Wally Lamb’s highly successful second novel,
I Know This Much Is True, like his first,
She’s Come Undone (1) examines a family’s struggle with mental illness and treatment. Both books are important because popular literature, film, and art have a significant impact on how people outside mental health view mental illness and those who endeavor to treat it.
One Flew Over the Cuckoo’s Nest, for example, as a book
(2) and a film, has had a lasting impact on the public’s perception of mental hospitals, ECT, and psychiatric nurses.

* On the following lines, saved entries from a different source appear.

(* Fix $k\ge3$. Consider the recursive network formation model with the utility function described in the context. Instead of a single node, the process starts from the base graph for the $k$-star: $2k$ nodes, namely $k$ pairwise adjacent centers, each also adjacent to exactly one distinct leaf. Suppose $$\gamma=0,\qquad c=b_1-b_3,\qquad b_2-b_3<c_0<b_2-b_4.$$ Then the resulting topology is a $k$-star: for every $n\ge 2k$, the pairwise stable network reached when the network has $n$ nodes is a $k$-star network on $n$ nodes, irrespective of the random order in which nodes are selected to move.
   Context: A $k$-star network ($k\ge3$) on $n\ge 2k$ nodes consists of $k$ "center" nodes that are pairwise adjacent, forming a clique. Every other node is a leaf adjacent to exactly one center and to nothing else. Each center has at least one leaf, and the numbers of leaves of any two centers differ by at most one. Networks are finite simple undirected graphs whose vertices (nodes) are self-interested agents. Parameters: benefits $b_1>b_2>b_3>b_4>\dots>0$, where $b_i$ is the benefit a node obtains from a node at distance $i$; a link cost $c$ per immediate neighbor; an intermediation fraction $\gamma$ with $0\le\gamma<1$; and a network entry factor $c_0$. Notation: $N$ is the set of nodes currently in the network, $d_j$ the degree of $j$, and $l(j,w)$ the graph distance. A node $x$ is essential for a pair $y,z$ (with $x\notin\{y,z\}$) if $x$ lies on every path joining $y$ and $z$. Write $E(y,z)$ for the set of nodes essential for $y,z$ and $e(y,z)=|E(y,z)|$. Only pairs joined by a path contribute to the sums below. Utility of node $j$ in network $g$: $$u_j(g)=-c_0\,d_{T(j)}\mathbf 1_{\{j=\mathrm{NE}\}}+d_j(b_1-c)+\sum_{w\in N,\ l(j,w)>1}b_{l(j,w)}-\sum_{w\in N,\ E(j,w)\ne\emptyset}\gamma\, b_{l(j,w)}+\sum_{y,z\in N,\ j\in E(y,z)}\frac{\gamma}{e(y,z)}\,2\,b_{l(y,z)}.$$ Here $\mathbf 1_{\{j=\mathrm{NE}\}}=1$ exactly when $j$ is a newly entering node evaluating the creation of its first link. $T(j)$ is the existing node to which $j$ forms that first link, and $d_{T(j)}$ is that node's degree before the link. The network before entry gives the entering node utility $0$. Pairwise stability: $g$ is pairwise stable if (a) for every link $(i,j)\in g$, $u_i(g\setminus\{(i,j)\})\le u_i(g)$ and $u_j(g\setminus\{(i,j)\})\le u_j(g)$; and (b) for every non-link $(i,j)\notin g$, if $u_i(g\cup\{(i,j)\})>u_i(g)$ then $u_j(g\cup\{(i,j)\})<u_j(g)$. Recursive model of network formation (from a given base graph): - When the current network of $n-1$ nodes is pairwise stable, a new node considers entering. Its options are to stay out or to propose a link to one existing node. The link forms iff the receiving node's utility does not decrease. No existing node can link to the newcomer before it has formed this first link. - After entry, nodes are repeatedly chosen at random to move. A chosen node plays a myopic best response among three options: create a link with a non-neighbor (the link forms only if the other node's utility does not decrease, which the proposer anticipates); delete a link with a neighbor (unilaterally); or keep the status quo. It alters a link only if this strictly increases its current utility. - This continues until the network is pairwise stable; then the next node considers entering, and so on. *)

theory Defs
  imports Complex_Main
begin

text \<open>A network with n nodes has node set {..<n}; its links are 2-element
  sets {i,j} of nodes.  Parameters: benefit function b (b i = benefit from a node
  at distance i, only i >= 1 is used), link cost c, intermediation fraction gam,
  entry factor c0.\<close>

definition nbrs :: "nat set set \<Rightarrow> nat \<Rightarrow> nat set" where
  "nbrs E j = {w. {j, w} \<in> E \<and> w \<noteq> j}"

definition deg :: "nat set set \<Rightarrow> nat \<Rightarrow> nat" where
  "deg E j = card (nbrs E j)"

fun walk :: "nat set set \<Rightarrow> nat list \<Rightarrow> bool" where
  "walk E [] = True"
| "walk E [x] = True"
| "walk E (x # y # xs) = ({x, y} \<in> E \<and> x \<noteq> y \<and> walk E (y # xs))"

definition walk_betw :: "nat set set \<Rightarrow> nat \<Rightarrow> nat list \<Rightarrow> nat \<Rightarrow> bool" where
  "walk_betw E y xs z = (xs \<noteq> [] \<and> walk E xs \<and> hd xs = y \<and> last xs = z)"

definition reach :: "nat set set \<Rightarrow> nat \<Rightarrow> nat \<Rightarrow> bool" where
  "reach E y z = (\<exists>xs. walk_betw E y xs z)"

text \<open>graph distance l(y,z): number of links of a shortest walk\<close>
definition dist :: "nat set set \<Rightarrow> nat \<Rightarrow> nat \<Rightarrow> nat" where
  "dist E y z = (LEAST m. \<exists>xs. walk_betw E y xs z \<and> length xs = Suc m)"

definition essential :: "nat set set \<Rightarrow> nat \<Rightarrow> nat \<Rightarrow> nat \<Rightarrow> bool" where
  "essential E x y z = (x \<notin> {y, z} \<and> (\<forall>xs. walk_betw E y xs z \<longrightarrow> x \<in> set xs))"

definition ess_set :: "nat \<Rightarrow> nat set set \<Rightarrow> nat \<Rightarrow> nat \<Rightarrow> nat set" where
  "ess_set n E y z = {x \<in> {..<n}. essential E x y z}"

text \<open>Utility of node j in network (n,E), without the entry term.\<close>
definition util :: "(nat \<Rightarrow> real) \<Rightarrow> real \<Rightarrow> real \<Rightarrow> nat \<Rightarrow> nat set set \<Rightarrow> nat \<Rightarrow> real" where
  "util b c gam n E j =
     real (deg E j) * (b 1 - c)
     + (\<Sum>w\<in>{w\<in>{..<n}. reach E j w \<and> dist E j w > 1}. b (dist E j w))
     - (\<Sum>w\<in>{w\<in>{..<n}. reach E j w \<and> ess_set n E j w \<noteq> {}}. gam * b (dist E j w))
     + (\<Sum>p\<in>{(y, z). y < n \<and> z < n \<and> y < z \<and> reach E y z \<and> j \<in> ess_set n E y z}.
          gam / real (card (ess_set n E (fst p) (snd p))) * 2 * b (dist E (fst p) (snd p)))"

definition pairwise_stable ::
  "(nat \<Rightarrow> real) \<Rightarrow> real \<Rightarrow> real \<Rightarrow> nat \<Rightarrow> nat set set \<Rightarrow> bool" where
  "pairwise_stable b c gam n E =
     ((\<forall>i<n. \<forall>j<n. i \<noteq> j \<and> {i, j} \<in> E \<longrightarrow>
          util b c gam n (E - {{i, j}}) i \<le> util b c gam n E i)
    \<and> (\<forall>i<n. \<forall>j<n. i \<noteq> j \<and> {i, j} \<notin> E \<and>
          util b c gam n (insert {i, j} E) i > util b c gam n E i \<longrightarrow>
          util b c gam n (insert {i, j} E) j < util b c gam n E j))"

definition options ::
  "(nat \<Rightarrow> real) \<Rightarrow> real \<Rightarrow> real \<Rightarrow> nat \<Rightarrow> nat set set \<Rightarrow> nat \<Rightarrow> nat set set set" where
  "options b c gam n E i =
     {E}
     \<union> {insert {i, j} E | j. j < n \<and> j \<noteq> i \<and> {i, j} \<notin> E \<and>
           util b c gam n (insert {i, j} E) j \<ge> util b c gam n E j}
     \<union> {E - {{i, j}} | j. j < n \<and> j \<noteq> i \<and> {i, j} \<in> E}"

definition move ::
  "(nat \<Rightarrow> real) \<Rightarrow> real \<Rightarrow> real \<Rightarrow> nat \<Rightarrow> nat set set \<Rightarrow> nat set set \<Rightarrow> bool" where
  "move b c gam n E E' =
     (\<exists>i<n. E' \<in> options b c gam n E i
        \<and> util b c gam n E' i > util b c gam n E i
        \<and> (\<forall>E''\<in>options b c gam n E i. util b c gam n E'' i \<le> util b c gam n E' i))"

definition entry_value ::
  "(nat \<Rightarrow> real) \<Rightarrow> real \<Rightarrow> real \<Rightarrow> real \<Rightarrow> nat \<Rightarrow> nat set set \<Rightarrow> nat \<Rightarrow> real" where
  "entry_value b c gam c0 n E t =
     util b c gam (Suc n) (insert {n, t} E) n - c0 * real (deg E t)"

definition entry_feasible ::
  "(nat \<Rightarrow> real) \<Rightarrow> real \<Rightarrow> real \<Rightarrow> nat \<Rightarrow> nat set set \<Rightarrow> nat \<Rightarrow> bool" where
  "entry_feasible b c gam n E t =
     (t < n \<and> util b c gam (Suc n) (insert {n, t} E) t \<ge> util b c gam n E t)"

text \<open>Entry of node n: best response among staying out (utility 0) and linking to
  an accepting existing node t.\<close>
definition entry ::
  "(nat \<Rightarrow> real) \<Rightarrow> real \<Rightarrow> real \<Rightarrow> real \<Rightarrow> nat \<Rightarrow> nat set set \<Rightarrow> nat set set \<Rightarrow> bool" where
  "entry b c gam c0 n E E' =
     (\<exists>t. entry_feasible b c gam n E t
        \<and> entry_value b c gam c0 n E t > 0
        \<and> (\<forall>t'. entry_feasible b c gam n E t' \<longrightarrow>
                 entry_value b c gam c0 n E t' \<le> entry_value b c gam c0 n E t)
        \<and> E' = insert {n, t} E)"

definition step ::
  "(nat \<Rightarrow> real) \<Rightarrow> real \<Rightarrow> real \<Rightarrow> real \<Rightarrow> nat \<times> nat set set \<Rightarrow> nat \<times> nat set set \<Rightarrow> bool" where
  "step b c gam c0 s s' =
     (case s of (n, E) \<Rightarrow> case s' of (n', E') \<Rightarrow>
        (pairwise_stable b c gam n E \<and> n' = Suc n \<and> entry b c gam c0 n E E')
      \<or> (\<not> pairwise_stable b c gam n E \<and> n' = n \<and> move b c gam n E E'))"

Lamb’s focus on mental illness is apparent from the outset. In the opening pages, a central character amputates his hand while on pass from the local psychiatric hospital. With that baptism, the story thrusts the reader into the lives of Thomas and Dominick Birdsey, identical twin brothers born to a single mother and raised in a 1950s Connecticut Naval town. Thomas has schizophrenia, a reality that becomes apparent to the family during his first year of college. In real time, the book covers a short period, from the mutilation episode through several months of Thomas’ inevitable commitment. However, the use of flashbacks and other clever devices (a rediscovered grandfather’s diary is beautifully woven into the story line) allows the story to begin many years before the twins’ birth. This history provides a rich contextual background for the book’s present events and supplies the psychological underpinnings of the main characters.
In addition to schizophrenia, the book examines posttraumatic stress disorder (PTSD). Written in the first person by the twin who is not afflicted with schizophrenia, the story recounts a jarring history of multigenerational childhood abuse. Dominick’s memories, coupled with tragedies in his adult life, cause him to develop classic PTSD symptoms that profoundly affect his ability to function. Perhaps the book’s greatest strength is bringing alive how trauma affects individuals and families in complex and sometimes unpredictable ways. Dominick’s struggle with his own wellness, and the expectation that he too could eventually develop schizophrenia, is developed in a realistic and compassionate fashion.
Sadly, despite extensive description and discussion of the forensic treatment setting, Thomas’ psychiatrist is mentioned only in the most peripheral fashion. Rather, the psychiatric establishment is portrayed as a politically motivated and unsympathetic monolith whose main function appears to be locking patients away. The two mental health provider characters who are developed, a social worker and a psychologist, are both portrayed as empathic and skilled patient advocates. Boundary blurring abounds, as it does in many recent portrayals of mental health treatment. The psychologist ends up treating the nonhospitalized brother, and the social worker has him over to her house for dinner.
This is a moving and intense book that describes the experience of those afflicted with mental illness and the families who love them in vivid and unforgettable detail. Lamb explores both psychological and biological contributors to the disease process and presents treatment as appropriate and useful. I Know This Much Is True is, however, unrealistic in many ways and will likely add to a broad literature already in existence that distorts real-life treatment issues and the mental health providers who struggle with them.